Speaker Series: Ellie Frazier

ABF/AccessLex Institute Postdoctoral Fellow in Legal and Higher Education
Pathways to Justice Work: Nonlawyer Educational Choices, Identities, and Professionalization in the U.S.
Hybrid: Virtual/In-Person

Over the past three decades, programs training nonlawyers, such as limited licensed practitioners (LLPs) and community justice workers (CJWs), have arisen in the United State in response to access to justice gaps. This project will address two central questions about nonlawyer professionals in the United States: (1) How do they view formal legal education in relation to their justice work, particularly when compared to other educational pathways for achieving access to justice and community activism goals? (2) How do structural, socioeconomic, and interpersonal factors shape their perceptions of and engagement with the legal profession? Expanding on comparative research in South Africa and Sierra Leone on nonlawyer programs, this research will draw on theoretical frameworks from literatures on the legal profession, access to justice, legal consciousness, and state capacity to move beyond describing what non-lawyers do to examine how they understand and articulate their position within the legal system. It aims to generate meaningful points of comparison between different categories of nonlawyers to illuminate how different professionalization pathways shape nonlawyers’ perceptions of their roles relative to attorneys and their connections to community activism and political change. The study’s findings will seek to contribute to scholarship on access to justice interventions, professionalization processes, and ongoing debates about legal education value and regulatory frameworks for nonlawyer practice.

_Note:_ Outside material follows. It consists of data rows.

theorem corollary6:
  fixes M :: "'a measure" and f :: "'a \<Rightarrow> real"
    and fk :: "nat \<Rightarrow> 'a \<Rightarrow> real" and C :: "nat \<Rightarrow> real"
    and N m k :: nat and a \<epsilon> :: real
  defines "D \<equiv> (\<lambda>j. integral\<^sup>L M (\<lambda>x. (fk j x)\<^sup>2))"
  defines "P \<equiv> density M (\<lambda>x. ennreal (f x))"
  defines "B \<equiv> {a ^ l | l::nat. int l \<le> \<lfloor>ln (real N / sqrt (C k * D k)) / ln a\<rfloor> - 1}"
  defines "\<eta> \<equiv> \<epsilon> * ln a / (ln (real N) - ln (C k * D k) / 2)"
  assumes "sigma_finite_measure M"
    and f_meas: "f \<in> borel_measurable M"
    and f_nonneg: "\<And>x. x \<in> space M \<Longrightarrow> 0 \<le> f x"
    and f_int1: "(\<integral>\<^sup>+ x. ennreal (f x) \<partial>M) = 1"
    and f_L2: "integrable M (\<lambda>x. (f x)\<^sup>2)"
    and N_pos: "0 < N"
    and fk_meas: "\<And>j. j \<in> {1..m} \<Longrightarrow> fk j \<in> borel_measurable M"
    and fk_L2: "\<And>j. j \<in> {1..m} \<Longrightarrow> integrable M (\<lambda>x. (fk j x)\<^sup>2)"
    and D_pos: "\<And>j. j \<in> {1..m} \<Longrightarrow> 0 < D j"
    and C_pos: "\<And>j. j \<in> {1..m} \<Longrightarrow> 0 < C j"
    and fk_bound: "\<And>j x. j \<in> {1..m} \<Longrightarrow> x \<in> space M \<Longrightarrow> \<bar>fk j x\<bar> \<le> sqrt (C j * D j)"
    and a_gt1: "1 < a"
    and eps_pos: "0 < \<epsilon>"
    and k_in: "k \<in> {1..m}"
  shows "measure (PiM {0..<N} (\<lambda>_. P))
           {X \<in> space (PiM {0..<N} (\<lambda>_. P)).
              (SUP \<beta>\<in>B. ereal (alpha_inf N m (D k) (fk k) X \<eta> \<beta>))
                \<le> ereal (integral\<^sup>L M (\<lambda>x. fk k x * f x) / D k)
              \<and> ereal (integral\<^sup>L M (\<lambda>x. fk k x * f x) / D k)
                \<le> (INF \<beta>\<in>B. ereal (alpha_sup N m (D k) (fk k) X \<eta> \<beta>))}
         \<ge> 1 - \<epsilon>"
proof -
  let ?s = "sqrt (C k * D k)"
  let ?\<alpha> = "integral\<^sup>L M (\<lambda>x. fk k x * f x) / D k"
  have CD: "0 < C k * D k" and Dk: "0 < D k" and m: "0 < m"
    using C_pos D_pos k_in by auto
  have "ln (real N / ?s) = ln (real N) - ln (C k * D k) / 2"
    using CD N_pos by (simp only: ln_divide_pos ln_sqrt real_sqrt_gt_zero of_nat_0_less_iff less_imp_le)
  then have \<eta>_eq: "\<eta> = \<epsilon> * ln a / ln (real N / ?s)"
    unfolding \<eta>_def by simp
  have B_eq: "B = geometric_grid a (real N / ?s)"
    unfolding B_def geometric_grid_def ..
  have P: "prob_space P"
    unfolding P_def using f_meas f_int1 by (intro prob_spaceI) (simp add: emeasure_density)
  have fk_P: "fk k \<in> borel_measurable P"
    unfolding P_def using fk_meas k_in by simp
  have fk_bounded: "\<bar>fk k x\<bar> \<le> ?s" if "x \<in> space P" for x
    using fk_bound k_in that unfolding P_def by simp
  have mean: "integral\<^sup>L P (fk k) / D k = ?\<alpha>"
    unfolding P_def using f_meas f_nonneg fk_meas k_in
    by (subst integral_density) (auto simp: mult.commute)
  have "1 - \<epsilon> \<le> measure (PiM {0..<N} (\<lambda>_. P)) {X \<in> space (PiM {0..<N} (\<lambda>_. P)).
      \<forall>\<beta>\<in>B. alpha_inf N m (D k) (fk k) X \<eta> \<beta> \<le> ?\<alpha> \<and> ?\<alpha> \<le> alpha_sup N m (D k) (fk k) X \<eta> \<beta>}"
    using prob_mean_in_alpha_intervals_geometric_grid[OF P fk_P fk_bounded _ a_gt1 eps_pos Dk N_pos m] CD
    unfolding mean \<eta>_eq B_eq by simp
  then show ?thesis
    by (simp add: SUP_le_iff le_INF_iff ball_conj_distrib)
qed
lemma L2_set_sum_le:
  fixes a :: "'i \<Rightarrow> 'u \<Rightarrow> 'a::real_normed_vector"
  assumes "finite E"
  shows "L2_set (\<lambda>i. norm (\<Sum>u\<in>E. a i u)) I \<le> (\<Sum>u\<in>E. L2_set (\<lambda>i. norm (a i u)) I)"
  using assms
proof (induction E rule: finite_induct)
  case empty
  then show ?case by (simp add: L2_set_def)
next
  case (insert x E)
  have "L2_set (\<lambda>i. norm (\<Sum>u\<in>insert x E. a i u)) I
      \<le> L2_set (\<lambda>i. norm (a i x) + norm (\<Sum>u\<in>E. a i u)) I"
    using insert by (intro L2_set_mono) (simp_all add: norm_triangle_ineq)
  also have "\<dots> \<le> L2_set (\<lambda>i. norm (a i x)) I + L2_set (\<lambda>i. norm (\<Sum>u\<in>E. a i u)) I"
    by (rule L2_set_triangle_ineq)
  also have "\<dots> \<le> (\<Sum>u\<in>insert x E. L2_set (\<lambda>i. norm (a i u)) I)"
    using insert by simp
  finally show ?case .
qed

text \<open>Expand \<open>tr A\<^sub>i = \<Sum>\<^sub>u \<langle>u|A\<^sub>i u\<rangle>\<close> in an eigenbasis of \<open>F\<close>. By Minkowski's inequality
  the \<open>l\<^sup>2\<close>-norm over \<open>i\<close> is at most \<open>\<Sum>\<^sub>u \<surd>(\<Sum>\<^sub>i \<parallel>A\<^sub>i u\<parallel>\<^sup>2) = \<Sum>\<^sub>u \<surd>\<langle>u|F u\<rangle> = tr \<surd>F\<close>.\<close>

theorem sum_cmod_trace_sq_le:
  assumes F: "psd F" and I: "finite I" and A: "(\<Sum>i\<in>I. adj (A i) ** A i) = F"
  shows "(\<Sum>i\<in>I. (cmod (trace (A i)))\<^sup>2) \<le> (cmod (trace (psd_sqrt F)))\<^sup>2"
proof -
  obtain E where E: "eigenbasis F E"
    using eigenbasis_exists[OF psd_adj_eq[OF F]] by blast
  have E': "orthonormal_eigvecs F E" using E by (simp add: eigenbasis_def)
  define a where "a i u = cinner_vec u (A i *v u)" for i u
  have column_le: "L2_set (\<lambda>i. cmod (a i u)) I \<le> sqrt_rayleigh F u" if u: "u \<in> E" for u
  proof -
    have "(\<Sum>i\<in>I. (cmod (a i u))\<^sup>2) \<le> (\<Sum>i\<in>I. (norm (A i *v u))\<^sup>2)"
      unfolding a_def using orthonormal_eigvecs_cinner[OF E' u u]
      by (intro sum_mono cmod_cinner_unit_sq_le) simp
    also have "\<dots> = Re (\<Sum>i\<in>I. cinner_vec u ((adj (A i) ** A i) *v u))"
    proof -
      have "cinner_vec (A i *v u) (A i *v u) = cinner_vec u ((adj (A i) ** A i) *v u)" for i
        using cinner_adj[of u "adj (A i)" "A i *v u"] by (simp add: matrix_vector_mul_assoc)
      then show ?thesis by (simp add: Re_sum Re_cinner_self[symmetric])
    qed
    also have "\<dots> = (sqrt_rayleigh F u)\<^sup>2"
      unfolding cinner_sum_right[symmetric] matrix_vector_mult_sum_left[symmetric] A
      by (simp add: cinner_psd_eq_sqrt_rayleigh_sq[OF F])
    finally show ?thesis
      unfolding L2_set_def by (simp add: real_le_lsqrt sqrt_rayleigh_nonneg)
  qed
  have "L2_set (\<lambda>i. cmod (trace (A i))) I \<le> (\<Sum>u\<in>E. L2_set (\<lambda>i. cmod (a i u)) I)"
    unfolding trace_eq_sum_eigenbasis[OF E] a_def
    by (rule L2_set_sum_le[OF orthonormal_eigvecs_finite[OF E']])
  also have "\<dots> \<le> (\<Sum>u\<in>E. sqrt_rayleigh F u)"
    by (rule sum_mono[OF column_le])
  also have "\<dots> = cmod (trace (psd_sqrt F))"
    unfolding trace_psd_sqrt[OF F E] norm_of_real by (simp add: sum_nonneg sqrt_rayleigh_nonneg)
  finally show ?thesis
    unfolding L2_set_def by (rule sqrt_le_D)
qed

lemma sum_cmod_sq_eq_Re_trace: "(\<Sum>j\<in>UNIV. \<Sum>k\<in>UNIV. (cmod (A $ j $ k))\<^sup>2) = Re (trace (adj A ** A))"
proof -
  have "(adj A ** A) $ k $ k = of_real (\<Sum>j\<in>UNIV. (cmod (A $ j $ k))\<^sup>2)" for k
    unfolding of_real_sum complex_norm_square by (simp add: matrix_matrix_mult_def adj_def mult.commute)
  then have "Re (trace (adj A ** A)) = (\<Sum>k\<in>UNIV. \<Sum>j\<in>UNIV. (cmod (A $ j $ k))\<^sup>2)"
    by (simp add: trace_def Re_sum)
  also have "\<dots> = (\<Sum>j\<in>UNIV. \<Sum>k\<in>UNIV. (cmod (A $ j $ k))\<^sup>2)"
    by (rule sum.swap)
  finally show ?thesis ..
qed

lemma trace_sum: "trace (\<Sum>i\<in>I. M i) = (\<Sum>i\<in>I. trace (M i))"
  unfolding trace_def by (simp add: sum_component) (rule sum.swap)

lemma avg_disturbance_compatible:
  fixes F :: "'b \<Rightarrow> complex^'d^'d" and a :: 'd
  assumes B: "finite B" and compat: "compatible_instrument B F I A"
  shows "avg_disturbance B I A = 1 - coord_moment a a / (2 * measure lebesgue (ball (0::complex^'d) 1))
    * (\<Sum>b\<in>B. (\<Sum>i\<in>I b. (cmod (trace (A b i)))\<^sup>2) + Re (trace (F b)))"
proof -
  have I: "finite (I b)" and AF: "(\<Sum>i\<in>I b. adj (A b i) ** A b i) = F b" if "b \<in> B" for b
    using compat that by (auto simp: compatible_instrument_def)
  define \<kappa> where "\<kappa> = coord_moment a a / 2"
  have "sphere_integral (\<lambda>\<psi>. \<Sum>b\<in>B. \<Sum>i\<in>I b. (cmod (cinner_vec \<psi> (A b i *v \<psi>)))\<^sup>2)
      = (\<Sum>b\<in>B. \<Sum>i\<in>I b. sphere_integral (\<lambda>\<psi>. (cmod (cinner_vec \<psi> (A b i *v \<psi>)))\<^sup>2))"
    using B I by (simp add: sphere_integral_sum continuous_on_sum continuous_on_cmod_cinner_sq)
  also have "\<dots> = \<kappa> * (\<Sum>b\<in>B. (\<Sum>i\<in>I b. (cmod (trace (A b i)))\<^sup>2) + Re (trace (F b)))"
    unfolding sum_distrib_left
  proof (intro sum.cong refl)
    fix b assume b: "b \<in> B"
    have "(\<Sum>i\<in>I b. Re (trace (adj (A b i) ** A b i))) = Re (trace (F b))"
      unfolding AF[OF b, symmetric] trace_sum Re_sum ..
    then show "(\<Sum>i\<in>I b. sphere_integral (\<lambda>\<psi>. (cmod (cinner_vec \<psi> (A b i *v \<psi>)))\<^sup>2))
        = \<kappa> * ((\<Sum>i\<in>I b. (cmod (trace (A b i)))\<^sup>2) + Re (trace (F b)))"
      unfolding sphere_integral_cmod_cinner_sq[of _ a, folded \<kappa>_def] sum_cmod_sq_eq_Re_trace
      by (simp add: sum.distrib distrib_left flip: sum_distrib_left)
  qed
  finally show ?thesis
    unfolding avg_disturbance_def sphere_avg_eq_sphere_integral
    by (simp only: \<kappa>_def) simp
qed
lemma chart_height_diff_normal:
  assumes "orthonormal_triple e1 e2 \<nu>"
  shows "chart_height x0 e1 e2 \<nu> \<phi> (z - t *\<^sub>R \<nu>) = chart_height x0 e1 e2 \<nu> \<phi> z + t"
proof -
  have "\<nu> \<bullet> \<nu> = 1" "\<nu> \<bullet> e1 = 0" "\<nu> \<bullet> e2 = 0"
    using assms by (simp_all add: orthonormal_triple_def norm_eq_1 inner_commute)
  then show ?thesis by (simp add: chart_height_def algebra_simps inner_diff_left)
qed

lemma dist_chart_coords_le:
  assumes "orthonormal_triple e1 e2 \<nu>"
  shows "dist ((a - x0) \<bullet> e1, (a - x0) \<bullet> e2) ((b - x0) \<bullet> e1, (b - x0) \<bullet> e2) \<le> dist a b"
proof -
  have "dist ((a - x0) \<bullet> e1, (a - x0) \<bullet> e2) ((b - x0) \<bullet> e1, (b - x0) \<bullet> e2)
      = norm ((a - b) \<bullet> e1, (a - b) \<bullet> e2)"
    by (simp add: dist_norm inner_diff_left)
  also have "\<dots> \<le> dist a b"
    using assms unfolding orthonormal_triple_def dist_norm by (intro norm_orthonormal_coords_le) auto
  finally show ?thesis .
qed

lemma lipschitz_on_chart_height:
  assumes frame: "orthonormal_triple e1 e2 \<nu>" and lip: "L-lipschitz_on UNIV \<phi>"
  shows "(1 + L)-lipschitz_on UNIV (chart_height x0 e1 e2 \<nu> \<phi>)"
proof (rule lipschitz_onI)
  have L: "0 \<le> L" using lipschitz_on_nonneg[OF lip] .
  then show "0 \<le> 1 + L" by simp
  fix a b
  let ?c = "\<lambda>z. ((z - x0) \<bullet> e1, (z - x0) \<bullet> e2)"
  have "\<bar>(b - x0) \<bullet> \<nu> - (a - x0) \<bullet> \<nu>\<bar> \<le> dist a b"
    using Cauchy_Schwarz_ineq2[of "b - a" \<nu>] frame
    by (simp add: orthonormal_triple_def inner_diff_left dist_norm norm_minus_commute)
  moreover have "\<bar>\<phi> (?c a) - \<phi> (?c b)\<bar> \<le> L * dist a b"
    using lipschitz_onD[OF lip, of "?c a" "?c b"] dist_chart_coords_le[OF frame, of a x0 b]
      mult_left_mono[OF _ L] unfolding dist_real_def by fastforce
  ultimately show "dist (chart_height x0 e1 e2 \<nu> \<phi> a) (chart_height x0 e1 e2 \<nu> \<phi> b)
      \<le> (1 + L) * dist a b"
    unfolding chart_height_def dist_real_def by (simp add: algebra_simps abs_le_iff)
qed

lemma chart_height_convex_combination_ge:
  assumes frame: "orthonormal_triple e1 e2 \<nu>" and lip: "L-lipschitz_on UNIV \<phi>"
    and "0 \<le> s" "s \<le> 1"
  shows "(1 - s) * chart_height x0 e1 e2 \<nu> \<phi> a + s * chart_height x0 e1 e2 \<nu> \<phi> b - L / 2 * dist a b
    \<le> chart_height x0 e1 e2 \<nu> \<phi> ((1 - s) *\<^sub>R a + s *\<^sub>R b)"
proof -
  let ?c = "\<lambda>z. ((z - x0) \<bullet> e1, (z - x0) \<bullet> e2)"
  have comb: "(1 - s) *\<^sub>R a + s *\<^sub>R b - x0 = (1 - s) *\<^sub>R (a - x0) + s *\<^sub>R (b - x0)"
    by (simp add: algebra_simps)
  have coords: "?c ((1 - s) *\<^sub>R a + s *\<^sub>R b) = (1 - s) *\<^sub>R ?c a + s *\<^sub>R ?c b"
    unfolding comb by (simp add: inner_add_left)
  have "L / 2 * dist (?c a) (?c b) \<le> L / 2 * dist a b"
    using dist_chart_coords_le[OF frame] lipschitz_on_nonneg[OF lip] by (intro mult_left_mono) auto
  then have "\<phi> (?c ((1 - s) *\<^sub>R a + s *\<^sub>R b)) \<le> (1 - s) * \<phi> (?c a) + s * \<phi> (?c b) + L / 2 * dist a b"
    using lipschitz_on_convex_combination_le[OF lip assms(3,4), of "?c a" "?c b"]
    unfolding coords by linarith
  then show ?thesis
    unfolding chart_height_def comb by (simp add: inner_add_left algebra_simps)
qed

(* The constants are those obtained from a chart over a 1/100-Lipschitz graph on a ball of
  radius 3d = 24r around x0, with n the inward normal (see boundary_height_chart_height). *)
locale boundary_height =
  fixes \<Omega> :: "'a::real_normed_vector set" and x0 n :: 'a and H :: "'a \<Rightarrow> real" and r :: real
  assumes r_pos: "0 < r"
    and norm_n: "norm n = 1"
    and mem_iff_height_pos: "dist x0 z < 16 * r \<Longrightarrow> z \<in> \<Omega> \<longleftrightarrow> 0 < H z"
    and height_shift: "H (z + t *\<^sub>R n) = H z + t"
    and height_lipschitz: "(3/2)-lipschitz_on UNIV H"
    and height_almost_concave:
      "0 \<le> s \<Longrightarrow> s \<le> 1 \<Longrightarrow> (1 - s) * H a + s * H b - dist a b / 200 \<le> H ((1 - s) *\<^sub>R a + s *\<^sub>R b)"
begin

lemma mem_inner_parallel_set_if_height_ge:
  assumes "dist x0 z < 15 * r" and "3/2 * r \<le> H z"
  shows "z \<in> inner_parallel_set \<Omega> r"
  unfolding inner_parallel_set_def
proof (intro CollectI subsetI)
  fix w assume "w \<in> ball z r"
  then have "dist z w < r" by simp
  then have "dist x0 w < 16 * r" using assms(1) dist_triangle[of x0 w z] by linarith
  moreover have "H z - H w \<le> 3/2 * dist z w"
    using lipschitz_onD[OF height_lipschitz UNIV_I UNIV_I, of z w] abs_ge_self[of "H z - H w"]
    unfolding dist_real_def by linarith
  then have "0 < H w" using assms(2) \<open>dist z w < r\<close> by linarith
  ultimately show "w \<in> \<Omega>" using mem_iff_height_pos by blast
qed

lemma height_pos: "z \<in> \<Omega> \<Longrightarrow> dist x0 z < 16 * r \<Longrightarrow> 0 < H z"
  using mem_iff_height_pos by blast

lemma dist_shift: "dist z (z + t *\<^sub>R n) = \<bar>t\<bar>"
  using norm_n by (simp add: dist_norm)

lemma lift_mem_inner_parallel_set:
  assumes "a \<in> \<Omega>" and "dist x0 a < 13 * r"
  shows "a + (2 * r) *\<^sub>R n \<in> inner_parallel_set \<Omega> r"
proof (rule mem_inner_parallel_set_if_height_ge)
  show "dist x0 (a + (2 * r) *\<^sub>R n) < 15 * r"
    using assms(2) dist_triangle[of x0 "a + (2 * r) *\<^sub>R n" a] dist_shift[of a "2 * r"] r_pos by simp
  show "3/2 * r \<le> H (a + (2 * r) *\<^sub>R n)"
    using height_pos[OF assms(1)] assms(2) height_shift r_pos by simp
qed

lemma shift_mem_inner_parallel_set:
  assumes k: "k \<in> inner_parallel_set \<Omega> r" "dist x0 k < 12 * r" and t: "0 \<le> t" "t \<le> 2 * r"
  shows "k + t *\<^sub>R n \<in> inner_parallel_set \<Omega> r"
  unfolding inner_parallel_set_def
proof (intro CollectI subsetI)
  fix w assume "w \<in> ball (k + t *\<^sub>R n) r"
  then have w: "dist (k + t *\<^sub>R n) w < r" by simp
  have "dist k (w - t *\<^sub>R n) = dist (k + t *\<^sub>R n) w" by (simp add: dist_norm algebra_simps)
  then have "w - t *\<^sub>R n \<in> \<Omega>" using k(1) w unfolding inner_parallel_set_def by auto
  moreover have "dist x0 (w - t *\<^sub>R n) < 16 * r"
    using k(2) w \<open>dist k (w - t *\<^sub>R n) = _\<close> dist_triangle[of x0 "w - t *\<^sub>R n" k] r_pos
    by linarith
  ultimately have "0 < H (w - t *\<^sub>R n)" by (rule height_pos)
  moreover have "H w = H (w - t *\<^sub>R n) + t" using height_shift[of "w - t *\<^sub>R n" t] by simp
  moreover have "dist x0 w < 16 * r"
    using k(2) t w dist_shift[of k t] dist_triangle[of x0 w k] dist_triangle[of k w "k + t *\<^sub>R n"]
    by linarith
  ultimately show "w \<in> \<Omega>" using mem_iff_height_pos t by simp
qed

To register, contact Sophie Kofman at skofman@abfn.org


Ellie Frazier (she/her) a political science and sociolegal studies scholar whose research and teaching focus broadly on access to justice, social movements, and comparative politics. Her dissertation investigates the political, social, and legal processes through which nonlawyer services emerged and evolved across colonial, authoritarian, and democratic state building in South Africa. By shedding light on these dynamics, Frazier’s dissertation seeks to clarify the opportunities and challenges of integrating non-lawyers into democratic institutions as part of access to justice initiatives; it also broadly highlights how these forms of sociolegal assistance both challenge and reinforce the boundaries of the legal profession.